Начались занятия по гражданской обороне, дежурства по ПВО, работа в госпитале, ускоренные занятия в институте. Говорили, что студенток скоро призовут медсёстрами в армию. Впрочем, говорили много разного, в первые дни войны повсюду господствовала неразбериха и толком никто ничего не знал. И от этого, как и от фронтовых сводок, мысли стали совсем иные, очень тревожные, к тому же, гнетущее беспокойство за родителей. Отца в тридцать девятом послали работать на Западную Украину, во Львов. Город был занят немцами в первые же дни войны, а от родителей за всё время пришло лишь одно письмо, от двадцать второго июня, и с каждым днём, с каждой новой сводкой оставалось всё меньше надежды, что папа и мама живы. Приходили лишь панические письма от бабушки, из Днепропетровской области. Она совсем растерялась, то оплакивала родителей, то просила хоть на один день приехать, то, напротив, сообщала, что эвакуируется, но никак не решалась сорваться с места – надеялась, что однажды в доме появятся папа с мамой, и что папа всё, как всегда, решит за неё, и боялась оставить дом, вещи, и надеялась, вопреки событиям, что немцев вот-вот остановят, и погонят вспять. У Жени от предчувствий с тревогой сжималось сердце, она советовала бабушке немедленно уезжать. Родителям, если они остались живы, бабушка ничем не смогла бы помочь. Наконец, в сентябре объявили, что институт будут эвакуировать в Уфу, чтобы там ускоренно, год за два, закончить учёбу и пойти на фронт врачами. Женя тотчас написала бабушке, чтобы та тоже эвакуировалась в Уфу, но до бабушки письмо уже не дошло…

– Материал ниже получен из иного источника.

text \<open>Below \<open>r\<^sub>0\<close> the extremal pairs are antipodal, \<open>t = 2r\<close>, where the ratio is
  \<open>(1 + r\<^sup>2)/2\<close> (for \<open>r\<^sub>l = 0\<close> there is no such pair with \<open>r = 0\<close>, so we let \<open>r \<rightarrow> 0\<close>); above \<open>r\<^sub>0\<close> they sit at \<open>|x| = |y| = r\<^sub>l\<close>, \<open>t = (1 - r\<^sub>l)(1 + r\<^sub>l)\<^sup>2/2\<close>,
  the minimiser of the Cauchy--Schwarz bound.\<close>

lemma lower_const_sharp:
  assumes "CARD('n::finite) \<ge> 2" "0 \<le> rl" "rl \<le> ru" "ru < 1" "0 < ru" "lower_const rl < c"
  shows "\<exists>x y :: real^'n. x \<in> unit_ball \<and> y \<in> unit_ball \<and>
           rl \<le> norm x \<and> norm x \<le> norm y \<and> norm y \<le> ru \<and>
           jstar unit_ball x y < c * tanh (rho_ball x y / 2)"
proof (cases "rl < r0")
  case True
  then have c: "(1 + rl\<^sup>2) / 2 < c" using assms by (simp add: lower_const_def)
  define e where "e = (if 0 < rl then rl else min ru (c - 1/2))"
  have e: "rl \<le> e" "e \<le> ru" "0 < e" "(1 + e\<^sup>2) / 2 < c"
  proof -
    show "rl \<le> e" "e \<le> ru" "0 < e" using assms c by (auto simp: e_def)
    show "(1 + e\<^sup>2) / 2 < c"
    proof (cases "0 < rl")
      case False
      then have "e < 1" "e \<le> c - 1/2" "rl = 0" using assms by (auto simp: e_def)
      moreover have "e\<^sup>2 < e" using \<open>e < 1\<close> \<open>0 < e\<close> by (simp add: power2_eq_square)
      ultimately show ?thesis using c by simp
    qed (use c in \<open>simp add: e_def\<close>)
  qed
  have "sqrt ((2 * e)\<^sup>2 + (1 - e\<^sup>2)\<^sup>2) = (1 + e\<^sup>2) / 2 * (2 * e + 2 * (1 - e))"
    by (rule real_sqrt_unique) (auto simp: algebra_simps power2_eq_square)
  then obtain x y :: "real^'n" where "norm x = e" "norm y = e" "x \<in> unit_ball" "y \<in> unit_ball"
      "jstar unit_ball x y < c * tanh (rho_ball x y / 2)"
    using jstar_less_on_sphere[OF assms(1), of e "2 * e" "(1 + e\<^sup>2) / 2" c] e assms by auto
  then show ?thesis using e by (intro exI[of _ x] exI[of _ y]) auto
next
  case False
  then have rl: "0 < rl" "rl < 1" "1 - 3*rl - rl\<^sup>2 - rl^3 \<le> 0"
    using assms r0_pos r0_le_iff[of rl] by (auto simp: not_less)
  define t where "t = (1 - rl) * (1 + rl)\<^sup>2 / 2"
  have "0 < t" unfolding t_def using rl by (intro divide_pos_pos mult_pos_pos) auto
  moreover have "t \<le> 2 * rl"
    using rl by (simp add: t_def algebra_simps power2_eq_square power3_eq_cube)
  ultimately have t: "0 < t" "t \<le> 2 * rl" by simp_all
  have pos: "0 < 5 + 2*rl + rl\<^sup>2" using rl by (simp add: add_pos_nonneg)
  have "t\<^sup>2 + (1 - rl\<^sup>2)\<^sup>2 = (lower_const rl * (t + 2 * (1 - rl)))\<^sup>2"
    using False pos by (simp add: lower_const_def t_def power_divide field_simps power2_eq_square)
  moreover have "0 \<le> lower_const rl * (t + 2 * (1 - rl))"
    using False pos rl t by (simp add: lower_const_def)
  ultimately have "sqrt (t\<^sup>2 + (1 - rl\<^sup>2)\<^sup>2) = lower_const rl * (t + 2 * (1 - rl))" by simp
  then obtain x y :: "real^'n" where "norm x = rl" "norm y = rl" "x \<in> unit_ball" "y \<in> unit_ball"
      "jstar unit_ball x y < c * tanh (rho_ball x y / 2)"
    using jstar_less_on_sphere[OF assms(1) rl(1,2) t, of "lower_const rl" c] assms by auto
  then show ?thesis using assms by (intro exI[of _ x] exI[of _ y]) auto
qed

Всё это время Женя Колю почти не видела, он был занят какой-то срочной работой. Всё прежнее, что было между ними, сразу отошло в прошлое, даже сама она, прежняя, довоенная, казалась себе теперь совсем чужой.

Коля пришел к ней в общежитие почти перед самым её отъездом. Собирался со дня на день на фронт, во всяком случае, так он говорил. Он сидел рядом, большой, сильный, но какой-то отрешённый, раздавленный – мысли о фронте и о смерти неотступно преследовали его.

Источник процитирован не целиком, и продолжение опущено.